Suspicious players in the leaderboard

As you have to have a new account after just one defeat, you will have to take that account through 1000 battles which are all wins. If we assume 0.5 as win rate for inactivity, we get to 0.5^1000=1E-301. Which would mean you would have to seed way more games than there are atoms in the known universe.

You can’t do this by just seeding accounts. If it is not a system glitch but legitimate, I can only think of stuff like squading. Or an exploit of the newbie pool. Which would be impossible today. Or knowing when you are bound to get a very good game next. Which would require 50 premiums back when they gave 20 top tier placements in ground arcade for a new GE premium. Stuff like that.

… But you are calculating the wrong probaility here.

Your calculation is for doing it on the first try. Not for trying over and over again, running multiple accounts simultanously. That’s were the trick comes in.

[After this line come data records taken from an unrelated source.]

(* Let $G=(V,E)$ be a forest and let $x\in\mathrm{SOL}(G)$. Then there exists a maximal independent set $S$ of $G$ with $S\subseteq\sigma(x)$.
   Context: A forest is a finite simple graph without cycles. With $A$ the adjacency matrix of $G$, $I$ the identity and $\mathbf{e}$ the all-ones vector, $\mathrm{SOL}(G)$ is the set of $x$ with $x\geq 0$, $(A+I)x\geq\mathbf{e}$ and $x^\top((A+I)x-\mathbf{e})=0$. $\sigma(x):=\{i\in V\mid x_i>0\}$. *)

theory Defs
  imports Complex_Main
begin

definition simple_graph :: "'a set \<Rightarrow> ('a \<Rightarrow> 'a \<Rightarrow> bool) \<Rightarrow> bool" where
  "simple_graph V E \<longleftrightarrow> finite V \<and> (\<forall>u v. E u v \<longrightarrow> u \<in> V \<and> v \<in> V)
     \<and> (\<forall>u v. E u v \<longrightarrow> E v u) \<and> (\<forall>v. \<not> E v v)"

definition is_cycle :: "'a set \<Rightarrow> ('a \<Rightarrow> 'a \<Rightarrow> bool) \<Rightarrow> 'a list \<Rightarrow> bool" where
  "is_cycle V E cs \<longleftrightarrow> length cs \<ge> 3 \<and> distinct cs \<and> set cs \<subseteq> V
     \<and> (\<forall>i. Suc i < length cs \<longrightarrow> E (cs ! i) (cs ! Suc i))
     \<and> E (last cs) (hd cs)"

definition forest :: "'a set \<Rightarrow> ('a \<Rightarrow> 'a \<Rightarrow> bool) \<Rightarrow> bool" where
  "forest V E \<longleftrightarrow> simple_graph V E \<and> (\<nexists>cs. is_cycle V E cs)"

definition AIx :: "'a set \<Rightarrow> ('a \<Rightarrow> 'a \<Rightarrow> bool) \<Rightarrow> ('a \<Rightarrow> real) \<Rightarrow> 'a \<Rightarrow> real" where
  "AIx V E x i = x i + (\<Sum>j\<in>{j\<in>V. E i j}. x j)"

text \<open>SOL(G): x \<ge> 0, (A+I)x \<ge> e, x^T((A+I)x - e) = 0; vectors are functions on V
  Only the values of x on V matter.\<close>
definition SOL :: "'a set \<Rightarrow> ('a \<Rightarrow> 'a \<Rightarrow> bool) \<Rightarrow> ('a \<Rightarrow> real) set" where
  "SOL V E = {x. (\<forall>i\<in>V. x i \<ge> 0) \<and> (\<forall>i\<in>V. AIx V E x i \<ge> 1)
      \<and> (\<Sum>i\<in>V. x i * (AIx V E x i - 1)) = 0}"

definition supp_vec :: "'a set \<Rightarrow> ('a \<Rightarrow> real) \<Rightarrow> 'a set" where
  "supp_vec V x = {i\<in>V. x i > 0}"

definition independent_set :: "'a set \<Rightarrow> ('a \<Rightarrow> 'a \<Rightarrow> bool) \<Rightarrow> 'a set \<Rightarrow> bool" where
  "independent_set V E S \<longleftrightarrow> S \<subseteq> V \<and> (\<forall>u\<in>S. \<forall>v\<in>S. \<not> E u v)"

definition maximal_independent_set :: "'a set \<Rightarrow> ('a \<Rightarrow> 'a \<Rightarrow> bool) \<Rightarrow> 'a set \<Rightarrow> bool" where
  "maximal_independent_set V E S \<longleftrightarrow> independent_set V E S
     \<and> (\<forall>T. independent_set V E T \<and> S \<subseteq> T \<longrightarrow> T = S)"

end

theory Submission
  imports Defs
begin

text \<open>By complementary slackness every row \<open>i\<close> of \<open>(A + I) x \<ge> e\<close> with \<open>x i > 0\<close> is tight.
  In a forest this forces the support \<open>T\<close> of \<open>x\<close> to induce a graph of maximum degree at most
  one, and every vertex outside \<open>T\<close> to have either a neighbour isolated in \<open>T\<close> or two neighbours
  in \<open>T\<close>. From these two properties an independent set \<open>S \<subseteq> T\<close> dominating all vertices is built
  greedily: a leaf of the forest yields a vertex \<open>p \<in> T\<close> whose closed neighbourhood can be
  removed without destroying the two properties; put \<open>p\<close> into \<open>S\<close> and recurse.
  An independent dominating set is a maximal independent set.\<close>

definition at_most_one_neighbour :: "('a \<Rightarrow> 'a \<Rightarrow> bool) \<Rightarrow> 'a set \<Rightarrow> 'a \<Rightarrow> bool" where
  "at_most_one_neighbour E W v \<longleftrightarrow> (\<forall>a\<in>W. \<forall>b\<in>W. E v a \<longrightarrow> E v b \<longrightarrow> a = b)"

definition isolated_in :: "('a \<Rightarrow> 'a \<Rightarrow> bool) \<Rightarrow> 'a set \<Rightarrow> 'a \<Rightarrow> bool" where
  "isolated_in E T u \<longleftrightarrow> (\<forall>w\<in>T. \<not> E u w)"

definition closed_nbhd :: "('a \<Rightarrow> 'a \<Rightarrow> bool) \<Rightarrow> 'a \<Rightarrow> 'a set" where
  "closed_nbhd E p = insert p {v. E p v}"

definition dominates :: "('a \<Rightarrow> 'a \<Rightarrow> bool) \<Rightarrow> 'a set \<Rightarrow> 'a set \<Rightarrow> bool" where
  "dominates E S W \<longleftrightarrow> (\<forall>v\<in>W. v \<in> S \<or> (\<exists>u\<in>S. E v u))"

definition covered_by :: "('a \<Rightarrow> 'a \<Rightarrow> bool) \<Rightarrow> 'a set \<Rightarrow> 'a \<Rightarrow> bool" where
  "covered_by E T v \<longleftrightarrow> (\<exists>u\<in>T. E v u \<and> isolated_in E T u)
     \<or> (\<exists>a\<in>T. \<exists>b\<in>T. a \<noteq> b \<and> E v a \<and> E v b)"

definition is_path :: "'a set \<Rightarrow> ('a \<Rightarrow> 'a \<Rightarrow> bool) \<Rightarrow> 'a list \<Rightarrow> bool" where
  "is_path W E xs \<longleftrightarrow> xs \<noteq> [] \<and> distinct xs \<and> set xs \<subseteq> W
     \<and> (\<forall>i. Suc i < length xs \<longrightarrow> E (xs ! i) (xs ! Suc i))"

lemma covered_by_mono:
  assumes "covered_by E T v" "T' \<subseteq> T" "\<And>c. c \<in> T \<Longrightarrow> E v c \<Longrightarrow> c \<in> T'"
  shows "covered_by E T' v"
  using assms by (auto simp: covered_by_def isolated_in_def; blast)

lemma dominates_insert_closed_nbhd:
  assumes "symp E" "dominates E S (W - closed_nbhd E p)"
  shows "dominates E (insert p S) W"
  using assms by (auto simp: dominates_def closed_nbhd_def dest: sympD)

lemma independent_set_insert:
  assumes "simple_graph V E" "independent_set V E S" "p \<in> V" "\<forall>w\<in>S. \<not> E p w"
  shows "independent_set V E (insert p S)"
  using assms by (auto simp: independent_set_def simple_graph_def)

lemma maximal_independent_setI:
  assumes "independent_set V E S" "dominates E S V"
  shows "maximal_independent_set V E S"
  using assms unfolding maximal_independent_set_def independent_set_def dominates_def by blast

lemma longest_path_exists:
  assumes "finite W" "w \<in> W"
  obtains xs where "is_path W E xs" "\<And>ys. is_path W E ys \<Longrightarrow> length ys \<le> length xs"
proof -
  have "is_path W E [w]" using assms(2) by (simp add: is_path_def)
  moreover have "length ys < card W + 1" if "is_path W E ys" for ys
    using that assms(1) by (metis is_path_def card_mono distinct_card less_Suc_eq_le Suc_eq_plus1)
  ultimately show thesis
    using that ex_has_greatest_nat[of "is_path W E" "[w]" length "card W + 1"] by blast
qed

lemma is_path_snoc:
  assumes "is_path W E xs" "u \<in> W" "u \<notin> set xs" "E (last xs) u"
  shows "is_path W E (xs @ [u])"
  unfolding is_path_def
proof (intro conjI allI impI)
  fix i assume i: "Suc i < length (xs @ [u])"
  show "E ((xs @ [u]) ! i) ((xs @ [u]) ! Suc i)"
  proof (cases "Suc i < length xs")
    case True thus ?thesis using assms(1) by (simp add: is_path_def nth_append)
  next
    case False
    hence "i = length xs - 1" "xs \<noteq> []" using i assms(1) by (auto simp: is_path_def)
    thus ?thesis using assms(4) by (simp add: nth_append last_conv_nth)
  qed
qed (use assms in \<open>auto simp: is_path_def\<close>)

lemma is_path_chord_cycle:
  assumes "is_path W E xs" "W \<subseteq> V" "k + 2 < length xs" "E (last xs) (xs ! k)"
  shows "is_cycle V E (drop k xs)"
  using assms by (auto simp: is_cycle_def is_path_def last_drop hd_drop_conv_nth
      dest: in_set_dropD)

lemma forest_has_leaf:
  assumes F: "forest V E" and WV: "W \<subseteq> V" and "W \<noteq> {}"
  shows "\<exists>l\<in>W. at_most_one_neighbour E W l"
proof -
  have irrefl: "\<And>v. \<not> E v v" and "finite W"
    using F WV by (auto simp: forest_def simple_graph_def intro: finite_subset)
  obtain w where "w \<in> W" using \<open>W \<noteq> {}\<close> by blast
  then obtain xs where path: "is_path W E xs"
    and longest: "\<And>ys. is_path W E ys \<Longrightarrow> length ys \<le> length xs"
    using longest_path_exists \<open>finite W\<close> by metis
  define n where "n = length xs"
  define v where "v = last xs"
  have "xs \<noteq> []" "set xs \<subseteq> W" using path by (auto simp: is_path_def)
  hence v_nth: "v = xs ! (n - 1)" and "v \<in> W" and "n \<ge> 1"
    by (auto simp: v_def n_def last_conv_nth Suc_le_eq)
  have "at_most_one_neighbour E W v"
    unfolding at_most_one_neighbour_def
  proof (intro ballI impI, rule ccontr)
    fix a b assume "a \<in> W" "b \<in> W" "E v a" "E v b" "a \<noteq> b"
    then obtain u where u: "u \<in> W" "E v u" "n \<ge> 2 \<longrightarrow> u \<noteq> xs ! (n - 2)"
      by (cases "n \<ge> 2 \<and> a = xs ! (n - 2)") auto
    show False
    proof (cases "u \<in> set xs")
      case False
      with path u have "is_path W E (xs @ [u])"
        by (intro is_path_snoc) (auto simp: v_def)
      thus False using longest[of "xs @ [u]"] by simp
    next
      case True
      then obtain k where k: "k < n" "xs ! k = u" by (auto simp: in_set_conv_nth n_def)
      have "k \<noteq> n - 1" using k u irrefl v_nth by metis
      moreover have "k \<noteq> n - 2" using k u \<open>k \<noteq> n - 1\<close> by (cases "n \<ge> 2") auto
      ultimately have "k + 2 < length xs" using k by (simp add: n_def)
      hence "is_cycle V E (drop k xs)"
        using path WV u k by (intro is_path_chord_cycle) (auto simp: v_def)
      thus False using F by (auto simp: forest_def)
    qed
  qed
  thus ?thesis using \<open>v \<in> W\<close> by blast
qed

lemma isolated_closed_nbhd_separates:
  assumes "symp E" "isolated_in E T p" "v \<notin> closed_nbhd E p" "c \<in> T" "E v c"
  shows "c \<notin> closed_nbhd E p"
  using assms by (auto simp: isolated_in_def closed_nbhd_def dest: sympD)

text \<open>The vertex \<open>p\<close> is the next one put into the independent set; deleting its closed
  neighbourhood leaves every remaining vertex outside \<open>T\<close> covered.\<close>

lemma leaf_gives_separating_vertex:
  assumes symp_E: "symp E"
    and leaf: "l \<in> W" "at_most_one_neighbour E W l"
    and TW: "T \<subseteq> W" and deg: "\<forall>i\<in>T. at_most_one_neighbour E T i"
    and cov: "\<forall>v\<in>W - T. covered_by E T v"
  shows "\<exists>p\<in>T. \<forall>v\<in>W - closed_nbhd E p. \<forall>c\<in>T. E v c \<longrightarrow> c \<notin> closed_nbhd E p"
proof (cases "l \<in> T")
  case False
  with leaf cov have "covered_by E T l" by blast
  moreover have "\<not> (\<exists>a\<in>T. \<exists>b\<in>T. a \<noteq> b \<and> E l a \<and> E l b)"
    using leaf(2) TW unfolding at_most_one_neighbour_def by blast
  ultimately obtain u where "u \<in> T" "isolated_in E T u"
    unfolding covered_by_def by blast
  thus ?thesis using isolated_closed_nbhd_separates[OF symp_E] by blast
next
  case lT: True
  show ?thesis
  proof (cases "isolated_in E T l")
    case True
    thus ?thesis using lT isolated_closed_nbhd_separates[OF symp_E] by blast
  next
    case False
    then obtain p where p: "p \<in> T" "E l p" by (auto simp: isolated_in_def)
    have "c \<notin> closed_nbhd E p"
      if v: "v \<in> W" "v \<notin> closed_nbhd E p" and c: "c \<in> T" "E v c" for v c
    proof
      assume "c \<in> closed_nbhd E p"
      hence "E p c" using v c symp_E by (auto simp: closed_nbhd_def dest: sympD)
      hence "c = l" using deg p lT c symp_E by (auto simp: at_most_one_neighbour_def dest: sympD)
      hence "v = p" using leaf v c p TW symp_E by (auto simp: at_most_one_neighbour_def dest: sympD)
      thus False using v by (simp add: closed_nbhd_def)
    qed
    thus ?thesis using p by blast
  qed
qed

lemma covered_by_remove_closed_nbhd:
  assumes cov: "\<forall>v\<in>W - T. covered_by E T v" and "T \<subseteq> W"
    and sep: "\<forall>v\<in>W - closed_nbhd E p. \<forall>c\<in>T. E v c \<longrightarrow> c \<notin> closed_nbhd E p"
  shows "\<forall>v\<in>(W - closed_nbhd E p) - T \<inter> (W - closed_nbhd E p).
           covered_by E (T \<inter> (W - closed_nbhd E p)) v"
proof
  fix v assume v: "v \<in> (W - closed_nbhd E p) - T \<inter> (W - closed_nbhd E p)"
  show "covered_by E (T \<inter> (W - closed_nbhd E p)) v"
  proof (rule covered_by_mono)
    show "covered_by E T v" using cov v by blast
    fix c assume "c \<in> T" "E v c"
    thus "c \<in> T \<inter> (W - closed_nbhd E p)" using sep v \<open>T \<subseteq> W\<close> by blast
  qed blast
qed

lemma forest_dominating_independent_subset:
  assumes F: "forest V E"
  shows "W \<subseteq> V \<Longrightarrow> T \<subseteq> W \<Longrightarrow> \<forall>i\<in>T. at_most_one_neighbour E T i
    \<Longrightarrow> \<forall>v\<in>W - T. covered_by E T v
    \<Longrightarrow> \<exists>S\<subseteq>T. independent_set V E S \<and> dominates E S W"
proof (induction "card W" arbitrary: W T rule: less_induct)
  case less
  have G: "simple_graph V E" using F by (simp add: forest_def)
  hence E_sym: "symp E" and "finite W"
    using less.prems(1) by (auto simp: simple_graph_def symp_def intro: finite_subset)
  show ?case
  proof (cases "W = {}")
    case True thus ?thesis using less.prems(2)
      by (auto simp: independent_set_def dominates_def)
  next
    case False
    then obtain l where "l \<in> W" "at_most_one_neighbour E W l"
      using forest_has_leaf[OF F less.prems(1)] by blast
    then obtain p where "p \<in> T"
      and sep: "\<forall>v\<in>W - closed_nbhd E p. \<forall>c\<in>T. E v c \<longrightarrow> c \<notin> closed_nbhd E p"
      using leaf_gives_separating_vertex[OF E_sym _ _ less.prems(2-4)] by blast
    define W' where "W' = W - closed_nbhd E p"
    have "p \<in> W" using \<open>p \<in> T\<close> less.prems(2) by blast
    hence "card W' < card W"
      using \<open>finite W\<close> by (auto simp: W'_def closed_nbhd_def intro!: psubset_card_mono)
    moreover have "W' \<subseteq> V" "T \<inter> W' \<subseteq> W'" using less.prems(1) by (auto simp: W'_def)
    moreover have "\<forall>i\<in>T \<inter> W'. at_most_one_neighbour E (T \<inter> W') i"
      using less.prems(3) by (auto simp: at_most_one_neighbour_def)
    moreover have "\<forall>v\<in>W' - T \<inter> W'. covered_by E (T \<inter> W') v"
      using covered_by_remove_closed_nbhd[OF less.prems(4,2) sep] by (simp add: W'_def)
    ultimately have "\<exists>S\<subseteq>T \<inter> W'. independent_set V E S \<and> dominates E S W'"
      by (rule less.hyps)
    then obtain S where S: "S \<subseteq> T \<inter> W'" "independent_set V E S" "dominates E S W'"
      by blast
    have "independent_set V E (insert p S)"
      using S \<open>p \<in> W\<close> less.prems(1) by (intro independent_set_insert[OF G]) (auto simp: W'_def closed_nbhd_def)
    moreover have "dominates E (insert p S) W"
      using S(3) unfolding W'_def by (rule dominates_insert_closed_nbhd[OF E_sym])
    ultimately show ?thesis using S(1) \<open>p \<in> T\<close> by blast
  qed
qed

Do it for 10.000 accounts and the chance.changes a lot. If you look afterwards you don’t see the failed attempts only the successful ones. And then afterwards people ask themselves “how is it possible that someone achieved that?” Because they cannot see the failed attempts on the leaderboard.
This is why it makes no sense to calculate chances for events that already happened.

That’s why i called it a statistical trick, i looks like the chance of the event is astronomically low, but only because you hide the failed attempts.

So your jupiter example only makes sense if the 100 wins were achieved on the first try. This was the point of the derren brown video… You should have watched it, it’s great.

No, you wouldn’t. That’s not how you calculate the needed attempts.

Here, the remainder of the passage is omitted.